Her yerinin tutulduğunun bilincinde biraz kıpırdanmak istedi ama kucağında uykusuna devam eden Jimin'le tam mümkün olamadı. Biraz hareketlendi. Kucağındaki bedene bir zarar gelmesini istemiyor gibi tek elini onun belinde tutarken diğeriyle küvetin kenarından destek aldı. Üşüyordu. Muhtemelen üşüyen tek kişi o değildi.

Biraz toparlanır gibi olduğunda gözlerini kısarak başını geriye attı ve sağa sola kırar gibi boynunu çıtlattı. "Jimin," diye fısıldadı. Amacı onu uyandırmaktı ama ses tonu uyandırmaktan korkar gibi çıkıyordu. "Kalkmalısın."

Küveti tutan parmakları yeniden çıplak teni bulup usulca hareketlendi. Yoongi uyku sersemi olduğu için bu tepkilerinin farkında bile olmayarak yeniden "Jimin." dedi. Bacaklarının uyuştuğunu hissediyordu. Kaç saattir burada böyle aynı konumda olduklarını o da bilmiyordu.

Jimin biraz kımıldanarak kendini daha çok Yoongi'ye yapıştırıp ısınmak istiyor gibi sarılışını kuvvetlendirdi ve uykusunun arasında aralık dudaklarını onun boynuna sürtüp burnunu çekti. Birkaç mırıltı gelse de ne dediği anlaşılmıyordu. Yüzünün bir bebekten farkı yoktu. Yoongi ise bunu henüz göremiyordu.

Elini biraz yukarı kaldırıp pembe saçlara daldırdıktan sonra hafif hafif okşayarak "Jimin." dedi. Bu sefer sesi daha güçlü çıkıyordu. "Uyan."

Jimin'in gözleri hafifçe açılır gibi oldu. Ani bir titremeyle neye uğradığını şaşırırken kendini reflekssel olarak Yoongi'ye daha sıkı sarılırken buldu. Aslında soğukla arası iyiydi fakat daha önce hiç sabahın erken bir saatinde dolu bir küvette uyanmamıştı. Banyonun kapısı açık olduğu için içerisi pek de sıcak sayılmazdı.

Yoongi titreyen bedenin ne hissettiğini bilerek iki kolunu aynı anda ona sardı ve "Tamam." dedi. "Kalk bornoza saralım seni."

Jimin gözlerini açabileceği kadar açtı. Gördüğü ilk şey bembayaz bir ten ve o tene geceden esir kalan birkaç kızarıklıktı. Ne olduğunu anlamaya çalışır gibi gözlerini kırpıştırdı ama bu Yoongi'nin huylanmasından başka bir şeye neden olmadı. Şiş gözleri ve dolgun dudaklarıyla kaşlarını çatıp biraz kalkmak istediğinde Yoongi ona müsaade ederek uykudan yeni uyanmış haline baktı. Artık Yoongi de gördüğü tabloya sadece bebek yakıştırması yapabiliyordu. Jimin sanki yirmi yaş birden küçülmüştü.

"Neredeyim?" dedi gördüklerinden emin olamıyormuş gibi. "Soğuk."

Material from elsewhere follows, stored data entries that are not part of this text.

lemma column_rescaling_step:
  fixes W \<kappa> :: "'c \<Rightarrow> 'a \<Rightarrow> real"
  assumes fin: "finite C" "finite U" and big: "card C < card U"
    and nonneg: "\<forall>c\<in>C. \<forall>a\<in>U. 0 \<le> W c a"
  shows "\<exists>a0\<in>U. \<exists>\<theta>. \<theta> a0 = 0 \<and> (\<forall>a\<in>U. 0 \<le> \<theta> a) \<and>
     (\<forall>c\<in>C. (\<Sum>a\<in>U. \<theta> a * W c a) = (\<Sum>a\<in>U. W c a)) \<and>
     (\<Sum>a\<in>U. \<Sum>c\<in>C. \<kappa> c a * (\<theta> a * W c a)) \<le> (\<Sum>a\<in>U. \<Sum>c\<in>C. \<kappa> c a * W c a)"
proof (cases "\<exists>a0\<in>U. \<forall>c\<in>C. W c a0 = 0")
  case True
  then obtain a0 where a0: "a0 \<in> U" "\<forall>c\<in>C. W c a0 = 0" by blast
  define \<theta> where "\<theta> a = (if a = a0 then 0 else 1 :: real)" for a
  have unchanged: "\<theta> a * W c a = W c a" if "c \<in> C" for a c using a0 that by (simp add: \<theta>_def)
  have "(\<Sum>a\<in>U. \<theta> a * W c a) = (\<Sum>a\<in>U. W c a)" if "c \<in> C" for c
    using that by (intro sum.cong refl unchanged)
  moreover have "(\<Sum>a\<in>U. \<Sum>c\<in>C. \<kappa> c a * (\<theta> a * W c a)) = (\<Sum>a\<in>U. \<Sum>c\<in>C. \<kappa> c a * W c a)"
    by (intro sum.cong refl) (simp add: unchanged)
  ultimately show ?thesis using a0 by (intro bexI[of _ a0] exI[of _ \<theta>]) (auto simp: \<theta>_def)
next
  case False
  define k where "k a = (\<Sum>c\<in>C. \<kappa> c a * W c a)" for a
  obtain l where l: "\<exists>a\<in>U. l a \<noteq> 0" "\<forall>c\<in>C. (\<Sum>a\<in>U. l a * W c a) = 0"
    using exists_nontrivial_vanishing_combination[of C U "\<lambda>a c. W c a"] fin big by blast
  define \<mu> where "\<mu> = (if (\<Sum>a\<in>U. l a * k a) \<le> 0 then l else (\<lambda>a. - l a))"
  have \<mu>_null: "\<forall>c\<in>C. (\<Sum>a\<in>U. \<mu> a * W c a) = 0" using l(2) by (auto simp: \<mu>_def sum_negf)
  have \<mu>_descent: "(\<Sum>a\<in>U. \<mu> a * k a) \<le> 0" by (auto simp: \<mu>_def sum_negf)
  \<comment> \<open>As W is nonnegative without zero columns, a nonzero null direction has a negative entry.\<close>
  have "\<exists>a\<in>U. \<mu> a < 0"
  proof (rule ccontr)
    assume "\<not> ?thesis"
    then have pos: "\<forall>a\<in>U. 0 \<le> \<mu> a" by auto
    from l(1) obtain a1 where a1: "a1 \<in> U" "\<mu> a1 \<noteq> 0" by (auto simp: \<mu>_def)
    from False a1 obtain c1 where c1: "c1 \<in> C" "W c1 a1 \<noteq> 0" by blast
    have "0 < \<mu> a1 * W c1 a1" using pos nonneg a1 c1 by (simp add: less_le)
    also have "\<dots> \<le> (\<Sum>a\<in>U. \<mu> a * W c1 a)"
      using pos nonneg c1 a1 fin by (intro member_le_sum) auto
    finally show False using \<mu>_null c1 by simp
  qed
  then show ?thesis
    using rescaling_along_null_direction[OF fin(2) _ \<mu>_null] \<mu>_descent by (simp add: k_def)
qed

lemma sparse_column_rescaling:
  fixes W \<kappa> :: "'c \<Rightarrow> 'a \<Rightarrow> real"
  assumes "finite C" "finite U" "\<forall>c\<in>C. \<forall>a\<in>U. 0 \<le> W c a"
  shows "\<exists>U' \<theta>. U' \<subseteq> U \<and> card U' \<le> card C \<and> (\<forall>a\<in>U'. 0 \<le> \<theta> a) \<and>
     (\<forall>c\<in>C. (\<Sum>a\<in>U'. \<theta> a * W c a) = (\<Sum>a\<in>U. W c a)) \<and>
     (\<Sum>a\<in>U'. \<Sum>c\<in>C. \<kappa> c a * (\<theta> a * W c a)) \<le> (\<Sum>a\<in>U. \<Sum>c\<in>C. \<kappa> c a * W c a)"
  using assms
proof (induction "card U" arbitrary: U W rule: less_induct)
  case less
  show ?case
  proof (cases "card U \<le> card C")
    case True
    then show ?thesis using less.prems by (intro exI[of _ U] exI[of _ "\<lambda>_. 1"]) auto
  next
    case False
    then have "card C < card U" by simp
    then obtain a0 \<theta> where a0: "a0 \<in> U" "\<theta> a0 = 0" and \<theta>_nonneg: "\<forall>a\<in>U. 0 \<le> \<theta> a"
      and \<theta>_rows: "\<forall>c\<in>C. (\<Sum>a\<in>U. \<theta> a * W c a) = (\<Sum>a\<in>U. W c a)"
      and \<theta>_cost: "(\<Sum>a\<in>U. \<Sum>c\<in>C. \<kappa> c a * (\<theta> a * W c a)) \<le> (\<Sum>a\<in>U. \<Sum>c\<in>C. \<kappa> c a * W c a)"
      using column_rescaling_step[OF less.prems(1,2) _ less.prems(3), of \<kappa>] by blast
    define W' where "W' c a = \<theta> a * W c a" for c a
    have drop_a0: "(\<Sum>a\<in>U - {a0}. h a) = (\<Sum>a\<in>U. h a)" if "h a0 = 0" for h :: "'a \<Rightarrow> real"
      using sum.remove[OF less.prems(2) a0(1), of h] that by simp
    have smaller: "card (U - {a0}) < card U" using less.prems(2) a0(1) by (rule card_Diff1_less)
    have W'_nonneg: "\<forall>c\<in>C. \<forall>a\<in>U - {a0}. 0 \<le> W' c a" using less.prems(3) \<theta>_nonneg by (simp add: W'_def)
    obtain U' \<theta>' where U': "U' \<subseteq> U - {a0}" "card U' \<le> card C" "\<forall>a\<in>U'. 0 \<le> \<theta>' a"
      and rows': "\<forall>c\<in>C. (\<Sum>a\<in>U'. \<theta>' a * W' c a) = (\<Sum>a\<in>U - {a0}. W' c a)"
      and cost': "(\<Sum>a\<in>U'. \<Sum>c\<in>C. \<kappa> c a * (\<theta>' a * W' c a)) \<le> (\<Sum>a\<in>U - {a0}. \<Sum>c\<in>C. \<kappa> c a * W' c a)"
      using less.hyps[OF smaller less.prems(1) finite_Diff[OF less.prems(2)] W'_nonneg] by blast
    show ?thesis
    proof (intro exI[of _ U'] exI[of _ "\<lambda>a. \<theta>' a * \<theta> a"] conjI ballI)
      show "U' \<subseteq> U" "card U' \<le> card C" using U'(1,2) by auto
      show "0 \<le> \<theta>' a * \<theta> a" if "a \<in> U'" for a using U' \<theta>_nonneg that by auto
    next
      fix c assume c: "c \<in> C"
      have "(\<Sum>a\<in>U'. \<theta>' a * \<theta> a * W c a) = (\<Sum>a\<in>U - {a0}. W' c a)"
        using rows' c by (simp add: W'_def mult.assoc)
      also have "\<dots> = (\<Sum>a\<in>U. W c a)" using drop_a0[of "W' c"] a0(2) \<theta>_rows c by (simp add: W'_def)
      finally show "(\<Sum>a\<in>U'. \<theta>' a * \<theta> a * W c a) = (\<Sum>a\<in>U. W c a)" .
    next
      have "(\<Sum>a\<in>U'. \<Sum>c\<in>C. \<kappa> c a * (\<theta>' a * \<theta> a * W c a)) \<le> (\<Sum>a\<in>U - {a0}. \<Sum>c\<in>C. \<kappa> c a * W' c a)"
        using cost' by (simp add: W'_def mult.assoc)
      also have "\<dots> = (\<Sum>a\<in>U. \<Sum>c\<in>C. \<kappa> c a * W' c a)" using a0(2) by (intro drop_a0) (simp add: W'_def)
      also have "\<dots> \<le> (\<Sum>a\<in>U. \<Sum>c\<in>C. \<kappa> c a * W c a)" using \<theta>_cost by (simp add: W'_def)
      finally show "(\<Sum>a\<in>U'. \<Sum>c\<in>C. \<kappa> c a * (\<theta>' a * \<theta> a * W c a)) \<le> (\<Sum>a\<in>U. \<Sum>c\<in>C. \<kappa> c a * W c a)" .
    qed
  qed
qed

lemma pmf_embed_pmf_finite:
  fixes f :: "'a \<Rightarrow> real"
  assumes "finite A" "\<forall>a\<in>A. 0 \<le> f a" "(\<Sum>a\<in>A. f a) = 1"
  shows "pmf (embed_pmf (\<lambda>a. if a \<in> A then f a else 0)) b = (if b \<in> A then f b else 0)"
proof (rule pmf_embed_pmf)
  show "0 \<le> (if a \<in> A then f a else 0)" for a using assms(2) by simp
  have "(\<integral>\<^sup>+a. ennreal (if a \<in> A then f a else 0) \<partial>count_space UNIV) = (\<Sum>a\<in>A. ennreal (f a))"
    using assms(1) by (subst nn_integral_count_space') auto
  also have "\<dots> = 1" using assms(2,3) by (simp add: sum_ennreal)
  finally show "(\<integral>\<^sup>+a. ennreal (if a \<in> A then f a else 0) \<partial>count_space UNIV) = 1" .
qed

definition fiber_weight :: "nat \<Rightarrow> (nat \<Rightarrow> 'c) \<Rightarrow> (nat \<Rightarrow> 'a pmf) \<Rightarrow> 'c \<Rightarrow> 'a \<Rightarrow> real" where
  "fiber_weight T g D c a = (\<Sum>t\<in>{t\<in>{..<T}. g t = c}. pmf (D t) a)"

lemma fiber_weight_nonneg: "0 \<le> fiber_weight T g D c a"
  unfolding fiber_weight_def by (intro sum_nonneg) simp

lemma sum_pmf_over_fibers:
  "(\<Sum>t<T. f (g t) * pmf (D t) a) = (\<Sum>c\<in>g ` {..<T}. f c * fiber_weight T g D c a)"
proof -
  have "(\<Sum>t<T. f (g t) * pmf (D t) a) = (\<Sum>c\<in>g ` {..<T}. \<Sum>t\<in>{t\<in>{..<T}. g t = c}. f (g t) * pmf (D t) a)"
    by (rule sum.image_gen) simp
  also have "\<dots> = (\<Sum>c\<in>g ` {..<T}. f c * fiber_weight T g D c a)"
    unfolding fiber_weight_def sum_distrib_left by (intro sum.cong refl) auto
  finally show ?thesis .
qed

lemma sum_fiber_weight:
  assumes "finite A" "\<forall>t<T. set_pmf (D t) \<subseteq> A"
  shows "(\<Sum>a\<in>A. fiber_weight T g D c a) = card {t\<in>{..<T}. g t = c}"
proof -
  have "(\<Sum>a\<in>A. fiber_weight T g D c a) = (\<Sum>t\<in>{t\<in>{..<T}. g t = c}. \<Sum>a\<in>A. pmf (D t) a)"
    unfolding fiber_weight_def by (rule sum.swap)
  also have "\<dots> = (\<Sum>t\<in>{t\<in>{..<T}. g t = c}. 1)"
    using assms by (intro sum.cong refl sum_pmf_eq_1) auto
  finally show ?thesis by simp
qed

lemma fiber_weight_realizable:
  fixes V :: "'c \<Rightarrow> 'a \<Rightarrow> real"
  assumes fin: "finite A" and nonneg: "\<forall>c\<in>g ` {..<T}. \<forall>a\<in>A. 0 \<le> V c a"
    and rows: "\<forall>c\<in>g ` {..<T}. (\<Sum>a\<in>A. V c a) = card {t\<in>{..<T}. g t = c}"
  shows "\<exists>D. (\<forall>t<T. set_pmf (D t) \<subseteq> A) \<and> (\<forall>c\<in>g ` {..<T}. \<forall>a\<in>A. fiber_weight T g D c a = V c a)"
proof -
  define n where "n c = real (card {t\<in>{..<T}. g t = c})" for c
  have n_pos: "0 < n (g t)" if "t < T" for t using that by (auto simp: n_def card_gt_0_iff)
  define D where "D t = embed_pmf (\<lambda>a. if a \<in> A then V (g t) a / n (g t) else 0)" for t
  have pmf_D: "pmf (D t) a = (if a \<in> A then V (g t) a / n (g t) else 0)" if "t < T" for t a
    unfolding D_def
  proof (rule pmf_embed_pmf_finite[OF fin])
    show "\<forall>a\<in>A. 0 \<le> V (g t) a / n (g t)" using nonneg n_pos[OF that] that by simp
    show "(\<Sum>a\<in>A. V (g t) a / n (g t)) = 1"
      using rows n_pos[OF that] that by (auto simp: n_def sum_divide_distrib[symmetric])
  qed
  have "set_pmf (D t) \<subseteq> A" if "t < T" for t using pmf_D[OF that] by (auto simp: set_pmf_eq)
  moreover have "fiber_weight T g D c a = V c a" if "c \<in> g ` {..<T}" "a \<in> A" for c a
  proof -
    have "fiber_weight T g D c a = (\<Sum>t\<in>{t\<in>{..<T}. g t = c}. V c a / n c)"
      unfolding fiber_weight_def using that by (intro sum.cong refl) (auto simp: pmf_D)
    also have "\<dots> = V c a" using that n_pos by (auto simp: n_def)
    finally show ?thesis .
  qed
  ultimately show ?thesis by blast
qed

lemma l1_dist_finite_support:
  assumes "finite A" "\<forall>t<T. set_pmf (D t) \<subseteq> A"
  shows "l1_dist T p D = (\<Sum>t<T. \<Sum>a\<in>A. \<bar>p t - a\<bar> * pmf (D t) a)"
  unfolding l1_dist_def using assms by (intro sum.cong refl integral_measure_pmf_real) auto

lemma calibration_sum_fiber_weight:
  "(\<Sum>t<T. (x t - a) * pmf (D t) a) =
    (\<Sum>c\<in>(\<lambda>t. (p t, x t)) ` {..<T}. (snd c - a) * fiber_weight T (\<lambda>t. (p t, x t)) D c a)"
  using sum_pmf_over_fibers[where f = "\<lambda>c. snd c - a" and g = "\<lambda>t. (p t, x t)"] by simp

"Biliyorum." Yoongi'nin en az su kadar buz kesen parmakları Jimin'in sırtında yeni bir tur attı. "Küvette uyuyakalmışız." dedi hafifçe titreyen dişlerini umursamadan. "Kalkmamız gerekiyor."

Jimin yüzünü buruşturdu. Bir an için kalkıp giyinmek ve sonra odasına geçip uykusuna devam etmek gözünde büyüdü. Sanki burada kalsa daha iyi olacakmış gibi "Uykum var." diye sızlandı. Bilinci henüz tam açılmadığı için söylediklerinin kendisi de farkında değildi. "Biraz daha uyuyayım."

"Uyuyacaksın." diyerek onayladı büyük olan. "Ama önce çıkmamız gerek yoksa aynı zamanda hasta da olacaksın."

"Ben hasta olmam ki." diyerek sızlandı. Eş zamanlı olarak kafasını taşıyamıyor gibi yeniden Yoongi'nin boynuna gömdü ve kirpikleri onun tenine değecek şekilde gözlerini kapattı. Kıpırdandığı için oynayan su ikilinin biraz daha üşümesine sebebiyet verdi. Tüm parmak uçlarının kırıştığını bile henüz fark edememişlerdi.